The Ranger Rendezvous, which starts Monday with a mass parachute jump, brings together more than 1,000 Rangers from the three battalions of the *75th Ranger Regiment* for a week that includes Hall of Fame induction and regimental change of command ceremonies.
First things first: It's traditional for the Rangers, dressed in combat gear, to conduct a mass tactical airborne operation at the Fryar Drop Zone in Russell County. The public is invited to see the action unfold at 5 p.m. on Monday.
Tuesday is set aside for gamesmanship.
They'll start early with a fitness run of three miles on the post at 6 a.m.
From there, it's off to the ranges for a stress-shoot training obstacle, an event that tests the Rangers on their combat skills including marksmanship and clearing obstacles.

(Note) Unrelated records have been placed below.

lemma mon_act_inv_right: "\<sigma> permutes {..<n} \<Longrightarrow> mon_act \<sigma> (mon_act (inv \<sigma>) \<alpha>) = \<alpha>"
  by (rule poly_mapping_eqI)
     (simp add: lookup_mon_act permutes_inv lookup_mon_act[OF permutes_inv] permutes_inv_inv permutes_inverses)

lemma mon_act_inv_eq_iff:
  "\<sigma> permutes {..<n} \<Longrightarrow> mon_act (inv \<sigma>) \<gamma> = \<alpha> \<longleftrightarrow> \<gamma> = mon_act \<sigma> \<alpha>"
  using mon_act_inv_left[of \<sigma> n] mon_act_inv_right[of \<sigma> n] by metis

lemma lookup_poly_act:
  assumes "\<sigma> permutes {..<n}"
  shows "Poly_Mapping.lookup (poly_act \<sigma> f) \<gamma> = Poly_Mapping.lookup f (mon_act (inv \<sigma>) \<gamma>)"
proof -
  have "mon_act \<sigma> \<alpha> = \<gamma> \<longleftrightarrow> \<alpha> = mon_act (inv \<sigma>) \<gamma>" for \<alpha>
    using mon_act_inv_eq_iff[OF assms, of \<gamma> \<alpha>] by auto
  then show ?thesis
    unfolding poly_act_def lookup_sum lookup_single by (simp add: when_def in_keys_iff)
qed

lemma keys_poly_act:
  assumes "\<sigma> permutes {..<n}"
  shows "Poly_Mapping.keys (poly_act \<sigma> f) \<subseteq> mon_act \<sigma> ` Poly_Mapping.keys f"
proof
  fix \<gamma> assume "\<gamma> \<in> Poly_Mapping.keys (poly_act \<sigma> f)"
  then have "mon_act (inv \<sigma>) \<gamma> \<in> Poly_Mapping.keys f"
    by (simp add: in_keys_iff lookup_poly_act[OF assms])
  then show "\<gamma> \<in> mon_act \<sigma> ` Poly_Mapping.keys f"
    using mon_act_inv_right[OF assms] by (metis image_eqI)
qed

lemma mtype_trans: "\<beta> \<in> mtype n \<alpha> \<Longrightarrow> \<gamma> \<in> mtype n \<beta> \<Longrightarrow> \<gamma> \<in> mtype n \<alpha>"
  unfolding mtype_def by (auto intro: permutes_compose simp: comp_assoc)

lemma mon_act_mem_mtype:
  assumes \<sigma>: "\<sigma> permutes {..<n}" and \<beta>: "\<beta> \<in> mtype n \<alpha>"
  shows "mon_act \<sigma> \<beta> \<in> mtype n \<alpha>"
proof -
  obtain \<pi> where \<pi>: "\<pi> permutes {..<n}" "Poly_Mapping.lookup \<beta> = Poly_Mapping.lookup \<alpha> \<circ> \<pi>"
    and keys: "Poly_Mapping.keys \<beta> \<subseteq> {..<n}"
    using \<beta> unfolding mtype_def by blast
  have "Poly_Mapping.keys (mon_act \<sigma> \<beta>) \<subseteq> {..<n}"
    using keys permutes_image[OF \<sigma>] by (auto simp: keys_mon_act[OF \<sigma>])
  moreover have "Poly_Mapping.lookup (mon_act \<sigma> \<beta>) = Poly_Mapping.lookup \<alpha> \<circ> (\<pi> \<circ> inv \<sigma>)"
    by (simp add: lookup_mon_act[OF \<sigma>] \<pi>(2) comp_assoc)
  moreover have "\<pi> \<circ> inv \<sigma> permutes {..<n}"
    using \<pi>(1) \<sigma> by (simp add: permutes_compose permutes_inv)
  ultimately show ?thesis
    unfolding mtype_def by blast
qed

lemma finite_mtype: "finite (mtype n \<alpha>)"
proof (rule finite_subset)
  show "mtype n \<alpha> \<subseteq> (\<lambda>\<pi>. mon_act (inv \<pi>) \<alpha>) ` {\<pi>. \<pi> permutes {..<n}}"
  proof
    fix \<beta> assume "\<beta> \<in> mtype n \<alpha>"
    then obtain \<pi> where \<pi>: "\<pi> permutes {..<n}" "Poly_Mapping.lookup \<beta> = Poly_Mapping.lookup \<alpha> \<circ> \<pi>"
      unfolding mtype_def by blast
    then have "\<beta> = mon_act (inv \<pi>) \<alpha>"
      by (intro poly_mapping_eqI) (simp add: lookup_mon_act[OF permutes_inv] permutes_inv_inv)
    with \<pi>(1) show "\<beta> \<in> (\<lambda>\<pi>. mon_act (inv \<pi>) \<alpha>) ` {\<pi>. \<pi> permutes {..<n}}"
      by blast
  qed
qed (simp add: finite_permutations)

lemma lookup_single_zero_mult:
  "Poly_Mapping.lookup (Poly_Mapping.single 0 a * p) \<gamma> = (a::'a::comm_ring_1) * Poly_Mapping.lookup p \<gamma>"
  by (simp add: mult_map_scale_conv_mult[symmetric] map.rep_eq when_def)

lemma xmono_mem_ideal_gen_if_det_nonzero:
  fixes fs :: "nat \<Rightarrow> 'k::field mpoly" and e :: "nat \<Rightarrow> nat \<Rightarrow>\<^sub>0 nat"
  assumes e: "bij_betw e {0..<N} T"
    and keys: "\<And>i. i < N \<Longrightarrow> Poly_Mapping.keys (fs i) \<subseteq> T"
    and det: "det (mat N N (\<lambda>(i, j). Poly_Mapping.lookup (fs i) (e j))) \<noteq> 0"
    and t: "t \<in> T"
  shows "xmono t \<in> ideal_gen (fs ` {0..<N})"
proof -
  define M where "M = mat N N (\<lambda>(i, j). Poly_Mapping.lookup (fs i) (e j))"
  obtain k where k: "k < N" "e k = t"
    using e t by (metis atLeastLessThan_iff bij_betw_iff_bijections)
  define q where "q = (\<Sum>i\<in>{0..<N}. Poly_Mapping.single 0 (adj_mat M $$ (k, i) / det M) * fs i)"
  have adj_row: "(\<Sum>i\<in>{0..<N}. adj_mat M $$ (k, i) * M $$ (i, j)) = (if k = j then det M else 0)"
    if "j < N" for j
  proof -
    have M: "M \<in> carrier_mat N N"
      unfolding M_def by simp
    then have "(\<Sum>i\<in>{0..<N}. adj_mat M $$ (k, i) * M $$ (i, j)) = (adj_mat M * M) $$ (k, j)"
      using adj_mat(1)[OF M] k that by (simp add: scalar_prod_def)
    also have "\<dots> = (det M \<cdot>\<^sub>m 1\<^sub>m N) $$ (k, j)"
      by (simp add: adj_mat(3)[OF M])
    finally show ?thesis
      using k that by simp
  qed
  have "Poly_Mapping.lookup (xmono t) \<gamma> = Poly_Mapping.lookup q \<gamma>" for \<gamma>
  proof (cases "\<gamma> \<in> T")
    case True
    then obtain j where j: "j < N" "e j = \<gamma>"
      using e by (metis atLeastLessThan_iff bij_betw_iff_bijections)
    have "Poly_Mapping.lookup q \<gamma> = (\<Sum>i\<in>{0..<N}. adj_mat M $$ (k, i) * M $$ (i, j)) / det M"
      unfolding q_def lookup_sum lookup_single_zero_mult sum_divide_distrib
      by (intro sum.cong) (simp_all add: M_def j)
    also have "\<dots> = (if t = \<gamma> then 1 else 0)"
    proof -
      have "t = \<gamma> \<longleftrightarrow> k = j"
        using inj_onD[OF bij_betw_imp_inj_on[OF e]] k j by auto
      then show ?thesis
        using adj_row[OF j(1)] det unfolding M_def by simp
    qed
    finally show ?thesis
      by (simp add: xmono_def lookup_single when_def)
  next
    case False
    then have "Poly_Mapping.lookup (fs i) \<gamma> = 0" if "i < N" for i
      using keys[OF that] by (auto simp: in_keys_iff)
    with False t show ?thesis
      unfolding q_def lookup_sum lookup_single_zero_mult
      by (auto simp: xmono_def lookup_single when_def)
  qed
  then have "xmono t = q"
    by (rule poly_mapping_eqI)
  also have "q \<in> ideal_gen (fs ` {0..<N})"
    unfolding q_def ideal_gen_eq_span
    by (intro ring_module.span_sum ring_module.span_scale ring_module.span_base) simp
  finally show ?thesis .
qed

That action starts at 10.
Going on at the same time, also at different locations on post, will be a variety of athletic competitions, including combatives, boxing, football, softball and tug-of-war.
Visitors to post are invited to an open house at the 3rd Battalion, *75th Ranger Regiment* area. That runs from 10 a.m. to 2 p.m.
Perhaps the highlight of the week's activities comes on Wednesday when the regiment honors its distinguished and honorary members at a 10:30 a.m. ceremony at Infantry Hall. That afternoon, at 1:30, comes the Hall of Fame induction ceremony, also in Infantry Hall.
The Rendezvous concludes Thursday evening on York Field in front of the Infantry Center when Col. Richard D. Clarke assumes command of the regiment from Col. Paul J. LaCamera. Clarke is a former 1st Battalion commander.


----------



## Looon (Aug 3, 2007)

I wanted to go so bad, but Im moving.:) Half of 2nd plt from my time are going to be there. That I know of, anyway. More are probably attending.:cool:

I hope the jump goes off without any injuries.:)


----------



## Typhoon (Aug 3, 2007)

> hope the jump goes off without any injuries.


Me too. Hope all who attend have a good time and don't get into too much trouble!


----------



## Centermass (Aug 3, 2007)

I'm going, but I'll be missing half of it as I won't be getting there until Wed pm. 

My Ranger buddy is flying from WA to Hartsfield in Atl and I gotta put the brakes on there to pick him up before slinging booze at the end of the 185 beeline. 

Blackmail pics to be posted soon.


----------



## Gypsy (Aug 3, 2007)

Last I heard EAT was going...not positive.


----------



## Centermass (Aug 12, 2007)

I just got back and should have some pics up shortly. 

If you have never attended a Rendezvous, you need to make plans and attend the next in 2009. 

It was an absolute hoot. Met up with Ranger Buddies I hadn't seen in almost 20 years. 

Rangers from WWII, RICA, 5307th, RVN, Old scrollers and Regiment were all  represented. The booze flowed, and so did the people and the stories. 

Had a great trip and will definitely be at the next one as well. 

RLTW,

CM


----------



## Gypsy (Aug 12, 2007)

Glad you had a good time CM, looking forward to some pictures!  And some stories...


----------



## elle (Aug 13, 2007)

Centermass said:


> I just got back and should have some pics up shortly.
> 
> If you have never attended a Rendezvous, you need to make plans and attend the next in 2009.
> 
> ...



You remembered your camera!!

I've spoken to a couple of folks who attended and it sounded like it was one helluva good time.  Looking forward to a few stories and evidence...er, rather pictures.


----------



## Centermass (Aug 15, 2007)

elle said:


> You remembered your camera!!



Yes Mom.......I remembered my camera (and my toothbrush for my one tooth as well  )


----------